Tuesday, November 2, 2010

Re: Using Bash in Vi mode. How to map keys?

Reply to message «Re: Using Bash in Vi mode. How to map keys?»,
sent 21:15:14 02 November 2010, Tuesday
by aleCodd:

> > what do you mean by that? <c-o> waits for a command and reenters insert
> > mode, but where does it MOVE?
Just try it while at the end of non-empty line and see where cursor moves. Don't
you think that there is some purpose of existance of <C-\><C-o> alongside with
<C-o>?

> > really appreciate your detailed explanation, so i guess immigrating to
> >
> > zsh land will make things easier in the end, too bad that it will take
> > another month or so to get used to it with all its commands etc.
Zsh has reasonable wizard that creates initial zshrc and does not require much
time to get used to it if you are already familiar with bash.
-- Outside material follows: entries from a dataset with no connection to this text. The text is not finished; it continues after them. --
lemma frontier_until_set_subset:
  fixes P I Q :: "real set"
  assumes I: "is_interval I" "I \<subseteq> {0..}"
    and C: "finite C" "0 \<in> C" "Inf I \<in> C" "bdd_above I \<Longrightarrow> Sup I \<in> C"
  shows "frontier (until_set P I Q) \<subseteq> {t. \<exists>c\<in>C. t + c \<in> frontier P \<union> frontier Q}"
proof
  fix t assume t: "t \<in> frontier (until_set P I Q)"
  show "t \<in> {t. \<exists>c\<in>C. t + c \<in> frontier P \<union> frontier Q}"
  proof (rule ccontr)
    assume "t \<notin> {t. \<exists>c\<in>C. t + c \<in> frontier P \<union> frontier Q}"
    then have "\<forall>c\<in>C. t + c \<notin> frontier P \<and> t + c \<notin> frontier Q"
      by auto
    then have "\<forall>\<^sub>F e in at_right 0. \<forall>c\<in>C. const_on_ball P (t + c) e \<and> const_on_ball Q (t + c) e"
      using C(1) by (simp add: eventually_ball_finite_distrib eventually_conj_iff eventually_const_on_ball)
    moreover have "\<forall>\<^sub>F e in at_right 0. (0::real) < e"
      by (rule eventually_at_right_less)
    ultimately obtain e :: real where e: "0 < e" "\<forall>c\<in>C. const_on_ball P (t + c) e \<and> const_on_ball Q (t + c) e"
      using eventually_happens'[OF trivial_limit_at_right_real eventually_conj] by blast
    have "const_on_ball (until_set {y. t + y \<in> P} I {y. t + y \<in> Q}) 0 (e / 2)"
      by (rule const_on_ball_until_set[OF I]) (use e(2) C in \<open>auto simp: const_on_ball_translate\<close>)
    then have "const_on_ball (until_set P I Q) t (e / 2)"
      by (simp add: until_set_translate[symmetric] const_on_ball_translate)
    then have "t \<notin> frontier (until_set P I Q)"
      using e(1) not_in_frontier_iff_const_on_ball half_gt_zero by blast
    then show False
      using t by blast
  qed
qed

section \<open>Frontiers of satisfaction sets\<close>

(* max 0 keeps all shifts nonnegative despite the unspecified values of Inf and Sup
   for empty or unbounded I. *)
fun atom_shifts :: "'a mtl \<Rightarrow> ('a \<times> real) set" where
  "atom_shifts MTrue = {}"
| "atom_shifts (Atom a) = {(a, 0)}"
| "atom_shifts (Neg \<phi>) = atom_shifts \<phi>"
| "atom_shifts (Conj \<phi> \<psi>) = atom_shifts \<phi> \<union> atom_shifts \<psi>"
| "atom_shifts (Until \<phi> I \<psi>) =
     (\<Union>c\<in>{0, max 0 (Inf I), max 0 (Sup I)}. (\<lambda>(a, d). (a, d + c)) ` (atom_shifts \<phi> \<union> atom_shifts \<psi>))"

lemma finite_atom_shifts: "finite (atom_shifts \<phi>)"
  by (induction \<phi>) auto

lemma atom_shifts_nonneg: "(a, c) \<in> atom_shifts \<phi> \<Longrightarrow> 0 \<le> c"
  by (induction \<phi> arbitrary: a c) auto

definition critical_times :: "('a \<Rightarrow> real set) \<Rightarrow> (real \<Rightarrow> real) \<Rightarrow> 'a mtl \<Rightarrow> real set" where
  "critical_times B x \<phi> = {t. \<exists>(a, c)\<in>atom_shifts \<phi>. x (t + c) \<in> frontier (B a)}"

lemma closed_critical_times:
  assumes "continuous_on UNIV x"
  shows "closed (critical_times B x \<phi>)"
proof -
  have "critical_times B x \<phi> = (\<Union>p\<in>atom_shifts \<phi>. (\<lambda>t. x (t + snd p)) -` frontier (B (fst p)))"
    by (auto simp: critical_times_def)
  moreover have "closed ((\<lambda>t. x (t + c)) -` frontier (B a))" for a c
    by (intro closed_vimage frontier_closed continuous_on_compose2[OF assms] continuous_intros) auto
  ultimately show ?thesis
    by (auto intro!: closed_UN simp: finite_atom_shifts)
qed

lemma critical_times_Until:
  assumes "c \<in> {0, max 0 (Inf I), max 0 (Sup I)}"
    and "t + c \<in> critical_times B x \<phi> \<union> critical_times B x \<psi>"
  shows "t \<in> critical_times B x (Until \<phi> I \<psi>)"
proof -
  obtain a d where ad: "(a, d) \<in> atom_shifts \<phi> \<union> atom_shifts \<psi>" "x (t + c + d) \<in> frontier (B a)"
    using assms(2) unfolding critical_times_def by auto
  have "(a, d + c) \<in> atom_shifts (Until \<phi> I \<psi>)"
    using ad(1) assms(1) by force
  moreover have "x (t + (d + c)) \<in> frontier (B a)"
    using ad(2) by (simp add: ac_simps)
  ultimately show ?thesis
    unfolding critical_times_def by blast
qed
Most of bash
functions will work in zsh as well, but you will need to rewrite prompt and
bindings (it looks like they can not invoke any functions so it is easy with
``binkey -s'').

It also has some very useful modules: zpty (an analog of expect), zmv
(rename/copy/link files); ttyctl (restores tty settings after application exited
or crashed), PCRE regex support, hooks for everything, globbing flags (capable
of replacing `find' and any `find | ... | xargs ...' pipe, though with some
perfomance penalty), parameter expansion flags (for example, escaping a string
stored in a variable no more requires sed, just ${(qqq)VAR}), highly
configurable completion... Just start using and you'll never want to switch
back.

PS: It was hard to find where is the text you wrote.

PPS: Most of the message is an offtopic here.